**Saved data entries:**
•••••

(* Consider any fair, well-formed execution of COP as described in the context, with history $\sigma$ (and $S$ correct or Byzantine). For each client $C_i$, the sequence $\pi_i$ defined in the context preserves the real-time order of $\sigma$: for any two operations $o,o'$ in $\pi_i$, if $o$ completes before $o'$ is invoked in $\sigma$, then $o$ appears before $o'$ in $\pi_i$.
   Context: System model. Clients $C_1,\dots,C_n$ and server $S$ in an asynchronous system, each client connected to $S$ by a reliable FIFO channel; clients are correct; $S$ is correct or Byzantine (may send arbitrary messages). Executions are fair and well-formed. Functionality. $F$ is deterministic over states $\mathcal{S}$, operations $\mathcal{O}$, responses $\mathcal{R}$: $F(s,o)=(s',r)$, extended to sequences by applying operations in order. $\mathrm{commute}_F(s,\rho_1,\rho_2)$ is true iff every interleaving of sequences $\rho_1,\rho_2$ (preserving each one's internal order) executed from $s$ yields the same final state and the same respective responses. Cryptography (ideal). $\mathrm{hash}$ is ideal collision-free; $\mathrm{sign}_i$ is invocable only by $C_i$ and $\mathrm{verify}_i(\phi,m)$ is true iff $C_i$ previously executed $\mathrm{sign}_i(m)$ obtaining $\phi$. $\|$ is concatenation. COP client $C_i$. State: $u$ (initially $\bot$); $c$ (initially $0$); map $H$ with $H[0]=\mathrm{null}$; map $Z$ to $\{\mathrm{success},\mathrm{abort}\}$; state $s$ (initially $s_0$). (1) On invocation of $o$: $u\leftarrow o$, send $\langle\mathrm{invoke},o,c,\mathrm{sign}_i(\mathrm{invoke}\|o\|i)\rangle$ to $S$. (2) On $\langle\mathrm{reply},\omega\rangle$: $\gamma,\mu\leftarrow\langle\rangle$. For $k=1,\dots,\mathrm{length}(\omega)$: $(o,j,\tau)=\omega[k]$, $l=c+k$; halt if $\mathrm{verify}_j(\tau,\mathrm{invoke}\|o\|j)$ fails; if $H[l]$ undefined set $H[l]\leftarrow\mathrm{hash}(H[l-1]\|o\|l\|j)$, else halt if $H[l]\neq\mathrm{hash}(H[l-1]\|o\|l\|j)$; if $j=i$ and $Z[l]=\mathrm{success}$ append $o$ to $\mu$, else if $j\neq i$ append $o$ to $\gamma$. Halt if $\omega$ is empty or its last entry has operation $\neq u$ or index $\neq i$. $(a,r)\leftarrow F(s,\mu)$. If $\mathrm{commute}_F(a,\langle u\rangle,\gamma)$: $(a,r)\leftarrow F(a,u)$, $Z[l]\leftarrow\mathrm{success}$; else $r\leftarrow\bot$, $Z[l]\leftarrow\mathrm{abort}$. Send $\langle\mathrm{commit},u,l,H[l],Z[l],\mathrm{sign}_i(\mathrm{commit}\|u\|l\|H[l]\|Z[l])\rangle$ to $S$, set $u\leftarrow\bot$, output $r$. (3) On $\langle\mathrm{broadcast},o,q,h,z,\phi,j\rangle$: halt unless $q=c+1$ and $\mathrm{verify}_j(\phi,\mathrm{commit}\|o\|q\|h\|z)$; if $H[q]$ undefined set $H[q]\leftarrow\mathrm{hash}(H[q-1]\|o\|q\|j)$; halt if $h\neq H[q]$; if $z=\mathrm{success}$, $(s,\cdot)\leftarrow F(s,o)$; $c\leftarrow c+1$. COP server $S$ (when correct). State $t=0$, $b=0$, maps $I,O$ empty. On $\langle\mathrm{invoke},o,c,\tau\rangle$ from $C_i$: $t\leftarrow t+1$, $I[t]\leftarrow(o,i,\tau)$, send $\langle\mathrm{reply},\langle I[c+1],\dots,I[t]\rangle\rangle$ to $C_i$. On $\langle\mathrm{commit},o,q,h,z,\phi\rangle$ from $C_i$: $O[q]\leftarrow(o,h,z,\phi,i)$; while $O[b+1]$ defined: $b\leftarrow b+1$, send $\langle\mathrm{broadcast},o',b,h',z',\phi',j\rangle$ to all clients where $(o',h',z',\phi',j)=O[b]$. Terminology. The history $\sigma$ is the sequence of invocation/response events at the clients. $C_i$ commits $o$ when it issues the commit signature in step (2); the value $l$ there is the sequence number of $o$. A client confirms $o$ when it processes a broadcast message for $o$ in step (3) passing all checks. Definition of $\pi_i$: let $o$ be the operation committed by $C_i$ with the highest sequence number among those operations of $C_i$ that have been confirmed by some client $C_k$ (possibly $C_k=C_i$); let $\alpha_i$ be the sequence of operations confirmed by $C_k$ up to and including $o$; let $\beta_i$ be the sequence of operations committed by $C_i$ with sequence number higher than that of $o$, in order of sequence number; $\pi_i=\alpha_i\circ\beta_i$ (concatenation). *)

theory Defs
  imports Main
begin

•••••

Repeat, word for word, all the lines above.

(* Consider any fair, well-formed execution of COP as described in the context, with history $\sigma$ (and $S$ correct or Byzantine). For each client $C_i$, the sequence $\pi_i$ defined in the context preserves the real-time order of $\sigma$: for any two operations $o,o'$ in $\pi_i$, if $o$ completes before $o'$ is invoked in $\sigma$, then $o$ appears before $o'$ in $\pi_i$.
   Context: System model. Clients $C_1,\dots,C_n$ and server $S$ in an asynchronous system, each client connected to $S$ by a reliable FIFO channel; clients are correct; $S$ is correct or Byzantine (may send arbitrary messages). Executions are fair and well-formed. Functionality. $F$ is deterministic over states $\mathcal{S}$, operations $\mathcal{O}$, responses $\mathcal{R}$: $F(s,o)=(s',r)$, extended to sequences by applying operations in order. $\mathrm{commute}_F(s,\rho_1,\rho_2)$ is true iff every interleaving of sequences $\rho_1,\rho_2$ (preserving each one's internal order) executed from $s$ yields the same final state and the same respective responses. Cryptography (ideal). $\mathrm{hash}$ is ideal collision-free; $\mathrm{sign}_i$ is invocable only by $C_i$ and $\mathrm{verify}_i(\phi,m)$ is true iff $C_i$ previously executed $\mathrm{sign}_i(m)$ obtaining $\phi$. $\|$ is concatenation. COP client $C_i$. State: $u$ (initially $\bot$); $c$ (initially $0$); map $H$ with $H[0]=\mathrm{null}$; map $Z$ to $\{\mathrm{success},\mathrm{abort}\}$; state $s$ (initially $s_0$). (1) On invocation of $o$: $u\leftarrow o$, send $\langle\mathrm{invoke},o,c,\mathrm{sign}_i(\mathrm{invoke}\|o\|i)\rangle$ to $S$. (2) On $\langle\mathrm{reply},\omega\rangle$: $\gamma,\mu\leftarrow\langle\rangle$. For $k=1,\dots,\mathrm{length}(\omega)$: $(o,j,\tau)=\omega[k]$, $l=c+k$; halt if $\mathrm{verify}_j(\tau,\mathrm{invoke}\|o\|j)$ fails; if $H[l]$ undefined set $H[l]\leftarrow\mathrm{hash}(H[l-1]\|o\|l\|j)$, else halt if $H[l]\neq\mathrm{hash}(H[l-1]\|o\|l\|j)$; if $j=i$ and $Z[l]=\mathrm{success}$ append $o$ to $\mu$, else if $j\neq i$ append $o$ to $\gamma$. Halt if $\omega$ is empty or its last entry has operation $\neq u$ or index $\neq i$. $(a,r)\leftarrow F(s,\mu)$. If $\mathrm{commute}_F(a,\langle u\rangle,\gamma)$: $(a,r)\leftarrow F(a,u)$, $Z[l]\leftarrow\mathrm{success}$; else $r\leftarrow\bot$, $Z[l]\leftarrow\mathrm{abort}$. Send $\langle\mathrm{commit},u,l,H[l],Z[l],\mathrm{sign}_i(\mathrm{commit}\|u\|l\|H[l]\|Z[l])\rangle$ to $S$, set $u\leftarrow\bot$, output $r$. (3) On $\langle\mathrm{broadcast},o,q,h,z,\phi,j\rangle$: halt unless $q=c+1$ and $\mathrm{verify}_j(\phi,\mathrm{commit}\|o\|q\|h\|z)$; if $H[q]$ undefined set $H[q]\leftarrow\mathrm{hash}(H[q-1]\|o\|q\|j)$; halt if $h\neq H[q]$; if $z=\mathrm{success}$, $(s,\cdot)\leftarrow F(s,o)$; $c\leftarrow c+1$. COP server $S$ (when correct). State $t=0$, $b=0$, maps $I,O$ empty. On $\langle\mathrm{invoke},o,c,\tau\rangle$ from $C_i$: $t\leftarrow t+1$, $I[t]\leftarrow(o,i,\tau)$, send $\langle\mathrm{reply},\langle I[c+1],\dots,I[t]\rangle\rangle$ to $C_i$. On $\langle\mathrm{commit},o,q,h,z,\phi\rangle$ from $C_i$: $O[q]\leftarrow(o,h,z,\phi,i)$; while $O[b+1]$ defined: $b\leftarrow b+1$, send $\langle\mathrm{broadcast},o',b,h',z',\phi',j\rangle$ to all clients where $(o',h',z',\phi',j)=O[b]$. Terminology. The history $\sigma$ is the sequence of invocation/response events at the clients. $C_i$ commits $o$ when it issues the commit signature in step (2); the value $l$ there is the sequence number of $o$. A client confirms $o$ when it processes a broadcast message for $o$ in step (3) passing all checks. Definition of $\pi_i$: let $o$ be the operation committed by $C_i$ with the highest sequence number among those operations of $C_i$ that have been confirmed by some client $C_k$ (possibly $C_k=C_i$); let $\alpha_i$ be the sequence of operations confirmed by $C_k$ up to and including $o$; let $\beta_i$ be the sequence of operations committed by $C_i$ with sequence number higher than that of $o$, in order of sequence number; $\pi_i=\alpha_i\circ\beta_i$ (concatenation). *)

theory Defs
  imports Main
begin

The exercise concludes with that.